I may be a unionist, but to be completely candid, the Orange Order, bands, the twelfth of July – none of these things means anything much to me. The Twelfth represents a day off work, and a rather anticlimactic one at that, given that every amenity in the country closes down for the day. It is also a difficult holiday on which to travel, due to the number of traffic restrictions caused by demonstrations.

I am aware that the character of parades differs immensely around Northern Ireland. My limited experience of the Belfast parade specifically (having happened upon it by accident on a couple of occasions) is that it attracts a great number of drunken youths, leaves a very great quantity of smashed glass and rubbish and that many of the marchers would cause you to cross the street in avoidance were they not walking directly down the middle of it.

The eleventh night bonfires, to the best of my knowledge, comprise rather sectarian open air parties. Whatever fun these deliver is somewhat offset by the paramilitarism, sectarianism, hooliganism, vandalism and environmental damage which can accompany the events to a greater or lesser degree.

Now this Orange philistinism isn’t an attack on either the Twelfth demonstrations or the previous night’s reveries. I fully acknowledge the validity of the culture from which they spring and I defend the right of that culture to express itself in these ways, unhindered as much as possible, within the confines of the law and within reasonable boundaries of nuisance and risk.

This post merely contains my own personal relationship, or lack of it, to an event which some would say was an integral part of my culture (given that at least on one side of my family there were many Orange Order members). I don’t regard this as a legacy which I have unfortunately lost. I view my ambivalent reaction to Orangeism as representative of a large and silent section of the unionist and nominally unionist community.

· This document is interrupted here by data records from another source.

(* Let $\mathbf{\Phi}\in\mathbb{R}^{m\times n}$ be a measurement matrix, let $\mathbf{x}\in\mathbb{R}^n$ be any $K$-sparse signal with support $T=\mathrm{supp}(\mathbf{x})$, and let $\mathbf{y}=\mathbf{\Phi}\mathbf{x}$. Run OMP on $(\mathbf{y},\mathbf{\Phi})$ (with $c>1$ a constant, as in OMP$_{cK}$), producing estimated supports $T^0=\emptyset\subseteq T^1\subseteq T^2\subseteq\cdots$. For an integer $k$ with $0\le k\le\lceil cK\rceil$, let $N^k=|T\setminus T^k|$ be the number of support indices not yet selected after $k$ iterations. Then $T\subseteq T^{k+\lceil cN^k\rceil}$ provided $$c\;\ge\;-\frac{4(1+\delta_1)}{1-\delta_s}\,\log\!\left(\frac12-\frac12\sqrt{\frac{\delta_{N^k}+\delta_s}{1+\delta_{N^k}}}\right),$$ where $s=|T\cup T^{k+\lfloor cN^k\rfloor}|$ and $\log$ is the natural logarithm.
   Context: Orthogonal matching pursuit (OMP): given $\mathbf{y}\in\mathbb{R}^m$ and $\mathbf{\Phi}\in\mathbb{R}^{m\times n}$ with columns $\phi_1,\dots,\phi_n$, set $T^0=\emptyset$, $\mathbf{r}^0=\mathbf{y}$, and for $k=1,2,\dots$: choose $t^k\in\arg\max_{i\in\{1,\dots,n\}}|\langle \mathbf{r}^{k-1},\phi_i\rangle|$; set $T^k=T^{k-1}\cup\{t^k\}$; let $\hat{\mathbf{x}}^k=\arg\min_{\mathbf{u}:\,\mathrm{supp}(\mathbf{u})=T^k}\|\mathbf{y}-\mathbf{\Phi}\mathbf{u}\|_2$; set $\mathbf{r}^k=\mathbf{y}-\mathbf{\Phi}\hat{\mathbf{x}}^k$. OMP$_{cK}$ denotes OMP run for $\lceil cK\rceil$ (or more) iterations with a constant $c>1$. A vector is $K$-sparse if it has at most $K$ nonzero entries. The restricted isometry constant $\delta_j$ of $\mathbf{\Phi}$ is the smallest $\delta\ge0$ such that $(1-\delta)\|\mathbf{v}\|_2^2\le\|\mathbf{\Phi}\mathbf{v}\|_2^2\le(1+\delta)\|\mathbf{v}\|_2^2$ for every $j$-sparse $\mathbf{v}\in\mathbb{R}^n$. *)

theory Defs
  imports "HOL-Analysis.Analysis"
begin

definition supp :: "real^'n \<Rightarrow> 'n set" where
  "supp v = {i. v $ i \<noteq> 0}"

definition ric :: "real^'n^'m \<Rightarrow> nat \<Rightarrow> real" where
  "ric \<Phi> j = Inf {\<delta>. \<delta> \<ge> 0 \<and>
     (\<forall>v::real^'n. card (supp v) \<le> j \<longrightarrow>
        (1 - \<delta>) * (norm v)\<^sup>2 \<le> (norm (\<Phi> *v v))\<^sup>2 \<and>
        (norm (\<Phi> *v v))\<^sup>2 \<le> (1 + \<delta>) * (norm v)\<^sup>2)}"

text \<open>A run of OMP on (y, Phi): T k is the estimated support after k iterations,
  r k the residual. Ties in the argmax are allowed to be broken arbitrarily.\<close>
definition omp_run :: "real^'n^'m \<Rightarrow> real^'m \<Rightarrow> (nat \<Rightarrow> 'n set) \<Rightarrow> (nat \<Rightarrow> real^'m) \<Rightarrow> bool" where
  "omp_run \<Phi> y T r \<longleftrightarrow>
     T 0 = {} \<and> r 0 = y \<and>
     (\<forall>k. \<exists>t. (\<forall>i. \<bar>r k \<bullet> column i \<Phi>\<bar> \<le> \<bar>r k \<bullet> column t \<Phi>\<bar>) \<and>
              T (Suc k) = insert t (T k) \<and>
              (\<exists>u. supp u \<subseteq> T (Suc k) \<and>
                   (\<forall>w. supp w \<subseteq> T (Suc k) \<longrightarrow> norm (y - \<Phi> *v u) \<le> norm (y - \<Phi> *v w)) \<and>
                   r (Suc k) = y - \<Phi> *v u))"

end

theory Submission
  imports Defs
begin

(* Let Q k = |r k|^2. Since r k is orthogonal to the chosen columns and OMP picks the column most
   correlated with r k, one step closes at least the fraction (1 - delta_s) / ((1 + delta_1) |S - T k|)
   of the gap between Q k and |y - Phi v|^2, for any competitor v supported on T k \<union> S.
   Stage l of a doubling schedule runs 2^(l-1) steps against the competitor containing the
   floor (2^(l-1) / lambda) largest missing entries of x, where q = 1/2 - 1/2 sqrt ((delta_N + delta_s)
   / (1 + delta_N)) and lambda = - ln q (1 + delta_1) / (1 - delta_s); this shrinks the gap by the
   factor q, and the hypothesis on c says exactly c \<ge> 4 lambda. At the first stage whose omitted
   energy is at most 2q times that of the previous stage, Q has fallen below the energy that the
   still unrecovered entries would force, so d \<ge> 1 further indices have been found after P \<le> c d
   steps. The bound on c is monotone in N and s, so induction on N finishes the proof. *)

lemma power2_norm_vec_eq_sum: "(norm (v::real^'n))\<^sup>2 = (\<Sum>i\<in>UNIV. (v$i)\<^sup>2)"
  unfolding power2_norm_eq_inner inner_vec_def by (simp add: power2_eq_square)

lemma inner_matrix_vector_mult:
  "(w::real^'m) \<bullet> ((\<Phi>::real^'n^'m) *v v) = (\<Sum>i\<in>UNIV. v$i * (w \<bullet> column i \<Phi>))"
  by (simp add: matrix_mult_sum inner_sum_right scalar_mult_eq_scaleR)

lemma matrix_vector_mult_axis: "(\<Phi>::real^'n^'m) *v axis i a = a *\<^sub>R column i \<Phi>"
proof -
  have "\<Phi> *v axis i a = (\<Sum>j\<in>UNIV. axis i a $ j *\<^sub>R column j \<Phi>)"
    by (simp add: matrix_mult_sum scalar_mult_eq_scaleR)
  also have "\<dots> = (\<Sum>j\<in>{i}. axis i a $ j *\<^sub>R column j \<Phi>)"
    by (rule sum.mono_neutral_right) (auto simp: axis_def)
  finally show ?thesis by simp
qed

lemma supp_axis: "supp (axis i (a::real)) \<subseteq> {i}"
  by (auto simp: supp_def axis_def)

lemma supp_add: "supp (u + w) \<subseteq> supp u \<union> supp (w::real^'n)"
  by (auto simp: supp_def)

lemma supp_diff: "supp (u - w) \<subseteq> supp u \<union> supp (w::real^'n)"
  by (auto simp: supp_def)

lemma supp_eq_empty_iff: "supp (w::real^'n) = {} \<longleftrightarrow> w = 0"
  by (auto simp: supp_def vec_eq_iff)

definition restrict_vec :: "'n set \<Rightarrow> real^'n \<Rightarrow> real^'n" where
  "restrict_vec A v = (\<chi> i. if i \<in> A then v$i else 0)"

lemma supp_restrict_vec: "supp (restrict_vec A v) \<subseteq> A"
  by (auto simp: supp_def restrict_vec_def)

lemma power2_norm_restrict_vec: "(norm (restrict_vec A v))\<^sup>2 = (\<Sum>i\<in>A. (v$i)\<^sup>2)"
proof -
  have "(norm (restrict_vec A v))\<^sup>2 = (\<Sum>i\<in>UNIV. if i \<in> A then (v$i)\<^sup>2 else 0)"
    unfolding power2_norm_vec_eq_sum by (rule sum.cong) (auto simp: restrict_vec_def)
  also have "\<dots> = (\<Sum>i\<in>UNIV \<inter> A. (v$i)\<^sup>2)" by (rule sum.inter_restrict[symmetric]) simp
  finally show ?thesis by simp
qed

subsection \<open>Restricted isometry constants\<close>

definition rip_constants :: "real^'n^'m \<Rightarrow> nat \<Rightarrow> real set" where
  "rip_constants \<Phi> j = {\<delta>. \<delta> \<ge> 0 \<and>
     (\<forall>v::real^'n. card (supp v) \<le> j \<longrightarrow>
        (1 - \<delta>) * (norm v)\<^sup>2 \<le> (norm (\<Phi> *v v))\<^sup>2 \<and>
        (norm (\<Phi> *v v))\<^sup>2 \<le> (1 + \<delta>) * (norm v)\<^sup>2)}"

lemma ric_eq_Inf_rip_constants: "ric \<Phi> j = Inf (rip_constants \<Phi> j)"
  by (simp add: ric_def rip_constants_def)

lemma rip_constants_nonempty: "rip_constants (\<Phi>::real^'n^'m) j \<noteq> {}"
proof -
  obtain K where K: "\<And>v. norm (\<Phi> *v v) \<le> norm v * K" "K > 0"
    using bounded_linear.pos_bounded[OF matrix_vector_mul_bounded_linear[of \<Phi>]] by blast
  have "K\<^sup>2 + 1 \<in> rip_constants \<Phi> j"
    unfolding rip_constants_def
  proof (intro CollectI conjI allI impI)
    fix v :: "real^'n"
    have "(norm (\<Phi> *v v))\<^sup>2 \<le> (norm v * K)\<^sup>2"
      using K(1)[of v] by (simp add: power_mono)
    also have "\<dots> \<le> (1 + (K\<^sup>2 + 1)) * (norm v)\<^sup>2"
      by (simp add: power_mult_distrib algebra_simps)
    finally show "(norm (\<Phi> *v v))\<^sup>2 \<le> (1 + (K\<^sup>2 + 1)) * (norm v)\<^sup>2" .
    have "(1 - (K\<^sup>2 + 1)) * (norm v)\<^sup>2 \<le> 0"
      by (simp add: mult_nonpos_nonneg)
    then show "(1 - (K\<^sup>2 + 1)) * (norm v)\<^sup>2 \<le> (norm (\<Phi> *v v))\<^sup>2"
      by (meson order_trans zero_le_power2)
  qed simp
  then show ?thesis by blast
qed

It is not really for me to expedite conclusions from the existence of such attitudes. That is the challenge for Orangeism itself. Perhaps they might conclude that a large section of mainly middle class unionists have collapsed into a cultureless mulch. Perhaps they may conclude that sections of society have simply moved on and can never be recaptured. Perhaps they may conclude that the festivities are severely flawed and must be reformed, repackaged and represented to provide a better advertisement for the organisations behind them, their culture and values.
Regardless I move toward Thursday pleased to be enjoying a day off work, slightly irritated that I may be curtailed from using the day how I would chose and with little intention of paying the parades much attention.